* Work task
Within the entries below, the lines from the one with "fix hs assume" through the one with "powr \<kappa> * (l" are to be set down exactly, both ends kept.

* Record set
(* Let $d\ge2$, $m\ge2$, and let $\mathbf{x}_1,\dots,\mathbf{x}_m$ be i.i.d. samples from $\mathrm{Unif}(\mathcal{X}_d)$. Then for $0<\eta<1$, $$\mathbb{P}\Big(\min_{i\ne j}\|\mathbf{x}_i-\mathbf{x}_j\|_2\le\eta\Big)<m^2\eta^{d-1}.$$
   Context: $\mathcal{X}_d=\mathbb{S}^{d-1}\times\mathbb{S}^{d-1}\subset\mathbb{R}^{2d}$. *)

theory Defs
  imports "HOL-Probability.Probability"
begin

text \<open>Uniform (normalised surface) measure on the unit sphere S^{d-1} in R^d, d = CARD('n):
  the law of x / |x| for x uniform on the open unit ball (cone-measure construction;
  the library has no surface measure).\<close>
definition unif_sphere :: "(real^'n::finite) measure" where
  "unif_sphere = distr (uniform_measure lborel (ball 0 1)) borel (\<lambda>x. x /\<^sub>R norm x)"

text \<open>Uniform distribution on X_d = S^{d-1} x S^{d-1}, viewed in R^{2d}; the product
  type carries the Euclidean distance sqrt(|u-u'|^2 + |v-v'|^2).\<close>
definition unif_X :: "((real^'n::finite) \<times> (real^'n)) measure" where
  "unif_X = unif_sphere \<Otimes>\<^sub>M unif_sphere"

end

theory Submission
  imports Defs
begin
(* Let $D_j\subset\mathbb{R}^{L_j}$, $1\le j\le d$, be compact and convex, $D=\prod_jD_j$, and let $\xi$ be a random vector in $\prod_j\mathbb{R}^{L_j}$ with density $p$ bounded on $D^+(\varepsilon)=\prod_j\bigcup_{x_j\in D_j}\bar B_j(x_j,\varepsilon)$ for some $\varepsilon>0$. Let $\xi^1,\dots,\xi^n$ be i.i.d. copies of $\xi$ and $\tilde\xi^1,\dots,\tilde\xi^n$ random vectors with $\max_{1\le i\le n}\|\tilde\xi^i_j-\xi^i_j\|_j=O_p(a_{nj})$, $a_{nj}=o(1)$, for all $j$. Let $p_0^D=\Pr(\xi\in D)$, $\check p_0^D=n^{-1}\sum_iI(\xi^i\in D)$ and $\hat p_0^D=n^{-1}\sum_iI(\tilde\xi^i\in D)$. Then $|\hat p_0^D-\check p_0^D|=O_p\big(\sum_ja_{nj}+n^{-1/2}(\sum_ja_{nj})^{1/2}\big)$ and $|\hat p_0^D-p_0^D|=O_p\big(\sum_ja_{nj}+n^{-1/2}\big)$.
   Context: $\|\cdot\|_j$ is the Euclidean norm on $\mathbb{R}^{L_j}$ and $\bar B_j(x,R)$ the closed ball; $\xi^i_j$ denotes the $j$-th block of $\xi^i$. *)

theory Defs
  imports "HOL-Probability.Probability"
begin

text \<open>The product space \<open>\<Prod>_j R^{L_j}\<close> is encoded as \<open>real^'n\<close> whose coordinate set
  is partitioned into blocks by \<open>blk :: 'n \<Rightarrow> 'd\<close>; block \<open>j\<close> consists of the coordinates
  \<open>i\<close> with \<open>blk i = j\<close>, so \<open>L_j = card {i. blk i = j}\<close>.  The block \<open>j\<close> component of a
  vector is identified (isometrically) with its projection onto the block subspace.\<close>

definition bproj :: "('n::finite \<Rightarrow> 'd) \<Rightarrow> 'd \<Rightarrow> real^'n \<Rightarrow> real^'n" where
  "bproj blk j x = (\<chi> i. if blk i = j then x $ i else 0)"

definition block_subspace :: "('n::finite \<Rightarrow> 'd) \<Rightarrow> 'd \<Rightarrow> (real^'n) set" where
  "block_subspace blk j = {x. \<forall>i. blk i \<noteq> j \<longrightarrow> x $ i = 0}"

definition prod_blocks :: "('n::finite \<Rightarrow> 'd) \<Rightarrow> ('d \<Rightarrow> (real^'n) set) \<Rightarrow> (real^'n) set" where
  "prod_blocks blk D = {x. \<forall>j. bproj blk j x \<in> D j}"
lemma expected_potential_minus_gain_le:
  assumes g: "\<forall>t<T. \<forall>i<N. -1 \<le> g t i \<and> g t i \<le> 0" and "t \<le> T"
  shows "measure_pmf.expectation (hist N \<eta> g t)
           (\<lambda>hs. smoothed_potential N \<eta> (est N \<eta> g hs) - (\<Sum>s<t. g s (rev hs ! s)))
         \<le> \<eta> + real t * (real N / sqrt \<eta>)"
  using \<open>t \<le> T\<close>
proof (induction t)
  case 0
  then show ?case
    using smoothed_potential_zero_le[OF N] \<eta> by simp
next
  case (Suc t)
  let ?\<Phi> = "smoothed_potential N \<eta>" and ?G = "est N \<eta> g"
  let ?W = "\<lambda>t hs. ?\<Phi> (?G hs) - (\<Sum>s<t. g s (rev hs ! s))"
  have "measure_pmf.expectation (hist N \<eta> g (Suc t)) (?W (Suc t))
      = measure_pmf.expectation (hist N \<eta> g t)
          (\<lambda>hs. \<Sum>i<N. grad_prob N \<eta> (?G hs) i * ?W (Suc t) (i # hs))"
    by (rule expectation_hist_Suc)
  also have "\<dots> \<le> measure_pmf.expectation (hist N \<eta> g t) (\<lambda>hs. ?W t hs + real N / sqrt \<eta>)"
  proof (rule integral_mono_AE[OF integrable_hist integrable_hist], rule AE_pmfI)
    fix hs assume "hs \<in> set_pmf (hist N \<eta> g t)"
    then have len: "length hs = t"
      using set_pmf_hist by blast
    define G where "G = ?G hs"
    define p where "p = grad_prob N \<eta> G"
    let ?gain = "\<Sum>s<t. g s (rev hs ! s)"
    have "grad_prob N \<eta> (?G hs) i * ?W (Suc t) (i # hs)
        = p i * (?\<Phi> (G(i := G i + g t i / p i)) - g t i) - p i * ?gain" for i
      unfolding sum_played_gain_Cons[OF len] by (simp add: G_def p_def len Let_def algebra_simps)
    then have "(\<Sum>i<N. grad_prob N \<eta> (?G hs) i * ?W (Suc t) (i # hs))
        = (\<Sum>i<N. p i * (?\<Phi> (G(i := G i + g t i / p i)) - g t i)) - (\<Sum>i<N. p i) * ?gain"
      by (simp add: sum_subtractf sum_distrib_right)
    also have "\<dots> \<le> ?\<Phi> G + real N / sqrt \<eta> - ?gain"
      using one_round_potential_le[OF N \<eta>, of "g t" G] g Suc.prems sum_grad_prob[OF N \<eta>, of G]
      by (simp add: p_def)
    finally show "(\<Sum>i<N. grad_prob N \<eta> (?G hs) i * ?W (Suc t) (i # hs)) \<le> ?W t hs + real N / sqrt \<eta>"
      by (simp add: G_def)
  qed
  also have "\<dots> = measure_pmf.expectation (hist N \<eta> g t) (?W t) + real N / sqrt \<eta>"
    by simp
  also have "\<dots> \<le> \<eta> + real t * (real N / sqrt \<eta>) + real N / sqrt \<eta>"
    using Suc by simp
  also have "\<dots> = \<eta> + real (Suc t) * (real N / sqrt \<eta>)"
    by (simp add: algebra_simps add_divide_distrib)
  finally show ?case .
qed
subsection \<open>From the pmf to the prior density\<close>

lemma powr_exp_eq_sfun_psi:
  assumes "0 < l"
  shows "l powr \<kappa> * exp (- l * \<theta>)
    = sfun l powr \<kappa> * ((1 - sfun l) powr (- \<kappa>) * exp (- \<theta> * sfun l / (1 - sfun l)))"
proof -
  have e1: "1 - sfun l = 1 / (l + 1)" using assms by (simp add: sfun_def field_simps)
  have "(1 - sfun l) powr (- \<kappa>) = (l + 1) powr \<kappa>"
    unfolding e1 using assms by (simp add: powr_minus powr_divide)
  moreover have "sfun l powr \<kappa> * (l + 1) powr \<kappa> = l powr \<kappa>"
    using assms by (simp add: sfun_def powr_mult[symmetric])
  moreover have "\<theta> * sfun l / (1 - sfun l) = l * \<theta>"
    unfolding e1 using assms by (simp add: sfun_def field_simps)
  ultimately show ?thesis by (simp add: mult.assoc[symmetric])
qed
(* Let $D$ be a positive integer that is not a perfect square, and let $L_j$ ($j\in\mathbb{Z}$) be the simple equivalence matrices of the principal cycle of determinant $D$. Then: (i) For $j>0$ the entries of $L_j$ have the (weak) sign patterns $\begin{pmatrix}+&+\\+&+\end{pmatrix}$, $\begin{pmatrix}-&+\\-&+\end{pmatrix}$, $\begin{pmatrix}-&-\\-&-\end{pmatrix}$, $\begin{pmatrix}+&-\\+&-\end{pmatrix}$ according as $j\equiv0,1,2,3\pmod 4$, where $+$ means the entry is $\ge0$ and $-$ means it is $\le0$. (ii) For $j>0$, $|L_j|=|S^{(1)}|\cdots|S^{(j)}|$ and $|L_{-j}|=|S^{(-j)}|\cdots|S^{(-1)}|$. (iii) For every integer $j$ with $|j|\ge2$, writing $L_j=(l_{ik})$, we have $1\le \dfrac{\max_{i,k}|l_{ik}|}{\min_{i,k}|l_{ik}|}\le 4(D+\sqrt D)$.
   Context: Forms: $Q=[a,2b,c]$ means $ax_1^2+2bx_1x_2+cx_2^2$ ($a,b,c\in\mathbb{Z}$), with matrix $\begin{pmatrix} a&b\\ b&c\end{pmatrix}$ and determinant $b^2-ac$. A form of determinant $D$ is reduced if $0<b<\sqrt D$ and $\sqrt D-b<|a|<\sqrt D+b$. The reduced identity form is $\tilde I=[1,2\lambda,\lambda^2-D]$, $\lambda=\lfloor\sqrt D\rfloor$. For a reduced form $Q_1=[a_1,2b_1,c_1]$, let $S=\begin{pmatrix}0&1\\-1&\mu\end{pmatrix}$ where $\mu$ is the integer with $-\sqrt D-b_1<\mu c_1<-\sqrt D-b_1+|c_1|$; the right neighbor of $Q_1$ is the reduced form $S^tQ_1S$. Put $Q^{(0)}=\tilde I$, let $Q^{(j)}$ be the right neighbor of $Q^{(j-1)}$ and $S^{(j)}$ the matrix $S$ taking $Q^{(j-1)}$ to $Q^{(j)}$ ($j\ge1$). The sequence $Q^{(j)}$ is periodic with least period $2p$. For $j\ge1$, $L_j=S^{(1)}\cdots S^{(j)}$, and $L_0$ is the identity. For negative $j$, $S^{(j)}=(S^{(j_0)})^{-1}$ where $j\equiv j_0\pmod{2p}$, $0<j_0\le 2p$, and for $j>0$, $L_{-j}=S^{(-j)}\cdots S^{(-1)}$. For a matrix $M=(m_{ik})$, $|M|=(|m_{ik}|)$ denotes the entrywise absolute value. *)

theory Defs
  imports "HOL-Analysis.Analysis"
begin

(* 2x2 integer matrices are int^2^2; entries M $ i $ k with i,k in {1,2}. *)
definition mat2 :: "int \<Rightarrow> int \<Rightarrow> int \<Rightarrow> int \<Rightarrow> int^2^2" where
  "mat2 a b c d = (\<chi> i k. if i = 1 then (if k = 1 then a else b) else (if k = 1 then c else d))"

(* A binary quadratic form [a,2b,c] is represented by its symmetric matrix mat2 a b b c.
   Its determinant (paper convention) is b^2 - ac. *)
definition form_det :: "int^2^2 \<Rightarrow> int" where
  "form_det Q = (Q $ 1 $ 2)^2 - Q $ 1 $ 1 * Q $ 2 $ 2"

definition ident_form :: "int \<Rightarrow> int^2^2" where
  "ident_form D = (let l = \<lfloor>sqrt (real_of_int D)\<rfloor> in mat2 1 l l (l^2 - D))"

definition nbr_mu :: "int \<Rightarrow> int^2^2 \<Rightarrow> int" where
  "nbr_mu D Q = (THE \<mu>::int.
      - sqrt (real_of_int D) - Q $ 1 $ 2 < real_of_int (\<mu> * Q $ 2 $ 2) \<and>
      real_of_int (\<mu> * Q $ 2 $ 2) < - sqrt (real_of_int D) - Q $ 1 $ 2 + \<bar>Q $ 2 $ 2\<bar>)"

definition nbr_S :: "int \<Rightarrow> int^2^2 \<Rightarrow> int^2^2" where
  "nbr_S D Q = mat2 0 1 (-1) (nbr_mu D Q)"

definition right_nbr :: "int \<Rightarrow> int^2^2 \<Rightarrow> int^2^2" where
  "right_nbr D Q = transpose (nbr_S D Q) ** Q ** nbr_S D Q"

definition Qseq :: "int \<Rightarrow> nat \<Rightarrow> int^2^2" where
  "Qseq D j = (right_nbr D ^^ j) (ident_form D)"

(* least period (= 2p) of the sequence Q^(j) *)
definition cyc_len :: "int \<Rightarrow> nat" where
  "cyc_len D = (LEAST n. 0 < n \<and> (\<forall>j. Qseq D (j + n) = Qseq D j))"

definition inv2 :: "int^2^2 \<Rightarrow> int^2^2" where
  "inv2 M = (THE N. M ** N = mat 1 \<and> N ** M = mat 1)"

definition Spos :: "int \<Rightarrow> nat \<Rightarrow> int^2^2" where
  "Spos D j = nbr_S D (Qseq D (j - 1))"

(* S^(j), j in Z (j <> 0); for j < 0, S^(j) = (S^(j0))^-1 with j = j0 mod 2p, 0 < j0 <= 2p *)
definition Sseq :: "int \<Rightarrow> int \<Rightarrow> int^2^2" where
  "Sseq D j = (if 0 < j then Spos D (nat j)
     else if j < 0 then inv2 (Spos D (nat ((j - 1) mod int (cyc_len D) + 1)))
     else mat 1)"

fun mprodn :: "(int \<Rightarrow> int^2^2) \<Rightarrow> int \<Rightarrow> nat \<Rightarrow> int^2^2" where
  "mprodn f a 0 = mat 1"
| "mprodn f a (Suc n) = mprodn f a n ** f (a + int n)"

definition Lmat :: "int \<Rightarrow> int \<Rightarrow> int^2^2" where
  "Lmat D j = (if 0 \<le> j then mprodn (Sseq D) 1 (nat j)
               else mprodn (Sseq D) j (nat (- j)))"

definition absM :: "int^2^2 \<Rightarrow> int^2^2" where
  "absM M = (\<chi> i k. \<bar>M $ i $ k\<bar>)"

definition max_entry :: "int^2^2 \<Rightarrow> int" where
  "max_entry M = Max {\<bar>M $ i $ k\<bar> | i k. True}"

definition min_entry :: "int^2^2 \<Rightarrow> int" where
  "min_entry M = Min {\<bar>M $ i $ k\<bar> | i k. True}"

end

theory Submission
  imports Defs
begin

text \<open>
  The first coefficients of the reduced forms Q^(j) alternate in sign, so the matrix
  S^(j) = [[0,1],[-1,mu_j]] has mu_j of sign (-1)^(j+1); since the period 2p is even, S^(-j) is
  the inverse [[mu,-1],[1,0]] of a matrix S of the same parity. Multiplying by such a matrix
  turns the column (resp. checkerboard row) sign pattern by a quarter and adds only terms of
  equal sign, which gives (i) and (ii). By (ii), |L_j| is a product of matrices [[0,1],[1,m]]
  (resp. [[m,1],[1,0]]) with 1 <= m <= 2 floor(sqrt D). The entries of such a product increase
  from one corner to the opposite one, with two steps of ratio at most 2 floor(sqrt D) + 1, and
  (2 floor(sqrt D) + 1)^2 < 4 (D + sqrt D).
\<close>

lemma mat2_nth [simp]:
  "mat2 a b c d $ 1 $ 1 = a" "mat2 a b c d $ 1 $ 2 = b"
  "mat2 a b c d $ 2 $ 1 = c" "mat2 a b c d $ 2 $ 2 = d"
  by (simp_all add: mat2_def)

lemma mat2_cases:
  obtains a b c d where "M = mat2 a b c d"
proof
  show "M = mat2 (M$1$1) (M$1$2) (M$2$1) (M$2$2)"
    unfolding mat2_def vec_eq_iff forall_2 by simp
qed

lemma mat2_eq_iff [simp]:
  "mat2 a b c d = mat2 a' b' c' d' \<longleftrightarrow> a = a' \<and> b = b' \<and> c = c' \<and> d = d'"
  unfolding mat2_def vec_eq_iff forall_2 by simp

lemma mat2_mult [simp]:
  "mat2 a b c d ** mat2 e f g h = mat2 (a*e + b*g) (a*f + b*h) (c*e + d*g) (c*f + d*h)"
  unfolding matrix_matrix_mult_def mat2_def vec_eq_iff forall_2 by (simp add: sum_2)

lemma mat2_transpose [simp]: "transpose (mat2 a b c d) = mat2 a c b d"
  unfolding transpose_def mat2_def vec_eq_iff forall_2 by simp

lemma mat2_one: "mat 1 = mat2 1 0 0 (1::int)"
  unfolding mat_def mat2_def vec_eq_iff forall_2 by simp

lemma absM_mat2 [simp]: "absM (mat2 a b c d) = mat2 \<bar>a\<bar> \<bar>b\<bar> \<bar>c\<bar> \<bar>d\<bar>"
  unfolding absM_def mat2_def vec_eq_iff forall_2 by simp

lemma mprodn_Suc_left: "mprodn f a (Suc n) = f a ** mprodn f (a + 1) n"
proof (induction n arbitrary: a)
  case (Suc n)
  have "mprodn f a (Suc (Suc n)) = f a ** mprodn f (a + 1) n ** f (a + 1 + int n)"
    using Suc by (simp add: algebra_simps)
  then show ?case
    by (simp add: matrix_mul_assoc)
qed (simp add: matrix_mul_lid matrix_mul_rid)

lemma inv2_mat2: "inv2 (mat2 0 1 (-1) \<mu>) = mat2 \<mu> (-1) 1 0"
  unfolding inv2_def
proof (rule the_equality)
  fix N
  assume "mat2 0 1 (-1) \<mu> ** N = mat 1 \<and> N ** mat2 0 1 (-1) \<mu> = mat 1"
  then have "N ** mat2 0 1 (-1) \<mu> = mat 1"
    by blast
  have "N = N ** (mat2 0 1 (-1) \<mu> ** mat2 \<mu> (-1) 1 0)"
    by (simp add: mat2_one [symmetric])
  also have "\<dots> = (N ** mat2 0 1 (-1) \<mu>) ** mat2 \<mu> (-1) 1 0"
    by (rule matrix_mul_assoc)
  also have "\<dots> = mat2 \<mu> (-1) 1 0"
    using \<open>N ** mat2 0 1 (-1) \<mu> = mat 1\<close> by simp
  finally show "N = mat2 \<mu> (-1) 1 0" .
qed (simp add: mat2_one)

lemma set_entries_2x2: "{f i k | i k. True} = {f (1::2) (1::2), f 1 2, f 2 1, f 2 2}"
  by auto (metis exhaust_2)

lemma max_min_entry_absM:
  assumes "absM L = mat2 a b c d"
  shows "max_entry L = Max {a, b, c, d}" "min_entry L = Min {a, b, c, d}"
proof -
  have "\<bar>L $ i $ k\<bar> = mat2 a b c d $ i $ k" for i k
    using arg_cong[OF assms, of "\<lambda>M. M $ i $ k"] by (simp add: absM_def)
  then have "{\<bar>L $ i $ k\<bar> | i k. True} = {a, b, c, d}"
    using set_entries_2x2[of "\<lambda>i k. \<bar>L $ i $ k\<bar>"] by simp
  then show "max_entry L = Max {a, b, c, d}" "min_entry L = Min {a, b, c, d}"
    by (simp_all only: max_entry_def min_entry_def)
qed

lemma ex1_int_multiple_between:
  fixes x :: real and c :: int
  assumes "c \<noteq> 0" and "\<And>k::int. x \<noteq> k * c"
  shows "\<exists>!\<mu>::int. x < \<mu> * c \<and> \<mu> * c < x + \<bar>c\<bar>"
proof (rule ex_ex1I)
  define t where "t = x / c"
  have x: "x = t * c"
    using assms(1) by (simp add: t_def)
  have "t \<noteq> \<lfloor>t\<rfloor>"
    using assms(2)[of "\<lfloor>t\<rfloor>"] x by auto
  then have fl: "\<lfloor>t\<rfloor> < t" "t < \<lfloor>t\<rfloor> + 1"
    by linarith+
  show "\<exists>\<mu>::int. x < \<mu> * c \<and> \<mu> * c < x + \<bar>c\<bar>"
  proof (cases "c > 0")
    case True
    then have "t * c < (\<lfloor>t\<rfloor> + 1) * c" "\<lfloor>t\<rfloor> * c < t * c"
      using fl by (simp_all add: mult_strict_right_mono)
    then have "x < (\<lfloor>t\<rfloor> + 1) * c \<and> (\<lfloor>t\<rfloor> + 1) * c < x + \<bar>c\<bar>"
      using True unfolding x by (simp add: algebra_simps)
    then show ?thesis by blast
  next
    case False
    then have "(\<lfloor>t\<rfloor> + 1) * c < t * c" "t * c < \<lfloor>t\<rfloor> * c"
      using fl assms(1) by (simp_all add: mult_strict_right_mono_neg)
    then have "x < \<lfloor>t\<rfloor> * c \<and> \<lfloor>t\<rfloor> * c < x + \<bar>c\<bar>"
      using False unfolding x by (simp add: algebra_simps)
    then show ?thesis by blast
  qed
next
  fix \<mu>1 \<mu>2 :: int
  assume "x < \<mu>1 * c \<and> \<mu>1 * c < x + \<bar>c\<bar>" "x < \<mu>2 * c \<and> \<mu>2 * c < x + \<bar>c\<bar>"
  then have "\<bar>real_of_int ((\<mu>1 - \<mu>2) * c)\<bar> < \<bar>c\<bar>"
    unfolding of_int_mult of_int_diff left_diff_distrib abs_less_iff by linarith
  then have "\<bar>\<mu>1 - \<mu>2\<bar> * \<bar>c\<bar> < 1 * \<bar>c\<bar>"
    by (simp only: abs_mult of_int_abs of_int_less_iff)
  then show "\<mu>1 = \<mu>2"
    using mult_right_less_imp_less by fastforce
qed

* Answer box
    fix hs assume "hs \<in> set_pmf (hist N \<eta> g t)"
    then have len: "length hs = t"
      using set_pmf_hist by blast
    define G where "G = ?G hs"
    define p where "p = grad_prob N \<eta> G"
    let ?gain = "\<Sum>s<t. g s (rev hs ! s)"
    have "grad_prob N \<eta> (?G hs) i * ?W (Suc t) (i # hs)
        = p i * (?\<Phi> (G(i := G i + g t i / p i)) - g t i) - p i * ?gain" for i
      unfolding sum_played_gain_Cons[OF len] by (simp add: G_def p_def len Let_def algebra_simps)
    then have "(\<Sum>i<N. grad_prob N \<eta> (?G hs) i * ?W (Suc t) (i # hs))
        = (\<Sum>i<N. p i * (?\<Phi> (G(i := G i + g t i / p i)) - g t i)) - (\<Sum>i<N. p i) * ?gain"
      by (simp add: sum_subtractf sum_distrib_right)
    also have "\<dots> \<le> ?\<Phi> G + real N / sqrt \<eta> - ?gain"
      using one_round_potential_le[OF N \<eta>, of "g t" G] g Suc.prems sum_grad_prob[OF N \<eta>, of G]
      by (simp add: p_def)
    finally show "(\<Sum>i<N. grad_prob N \<eta> (?G hs) i * ?W (Suc t) (i # hs)) \<le> ?W t hs + real N / sqrt \<eta>"
      by (simp add: G_def)
  qed
  also have "\<dots> = measure_pmf.expectation (hist N \<eta> g t) (?W t) + real N / sqrt \<eta>"
    by simp
  also have "\<dots> \<le> \<eta> + real t * (real N / sqrt \<eta>) + real N / sqrt \<eta>"
    using Suc by simp
  also have "\<dots> = \<eta> + real (Suc t) * (real N / sqrt \<eta>)"
    by (simp add: algebra_simps add_divide_distrib)
  finally show ?case .
qed
subsection \<open>From the pmf to the prior density\<close>

lemma powr_exp_eq_sfun_psi:
  assumes "0 < l"
  shows "l powr \<kappa> * exp (- l * \<theta>)
    = sfun l powr \<kappa> * ((1 - sfun l) powr (- \<kappa>) * exp (- \<theta> * sfun l / (1 - sfun l)))"
proof -
  have e1: "1 - sfun l = 1 / (l + 1)" using assms by (simp add: sfun_def field_simps)
  have "(1 - sfun l) powr (- \<kappa>) = (l + 1) powr \<kappa>"
    unfolding e1 using assms by (simp add: powr_minus powr_divide)
  moreover have "sfun l powr \<kappa> * (l + 1) powr \<kappa> = l powr \<kappa>"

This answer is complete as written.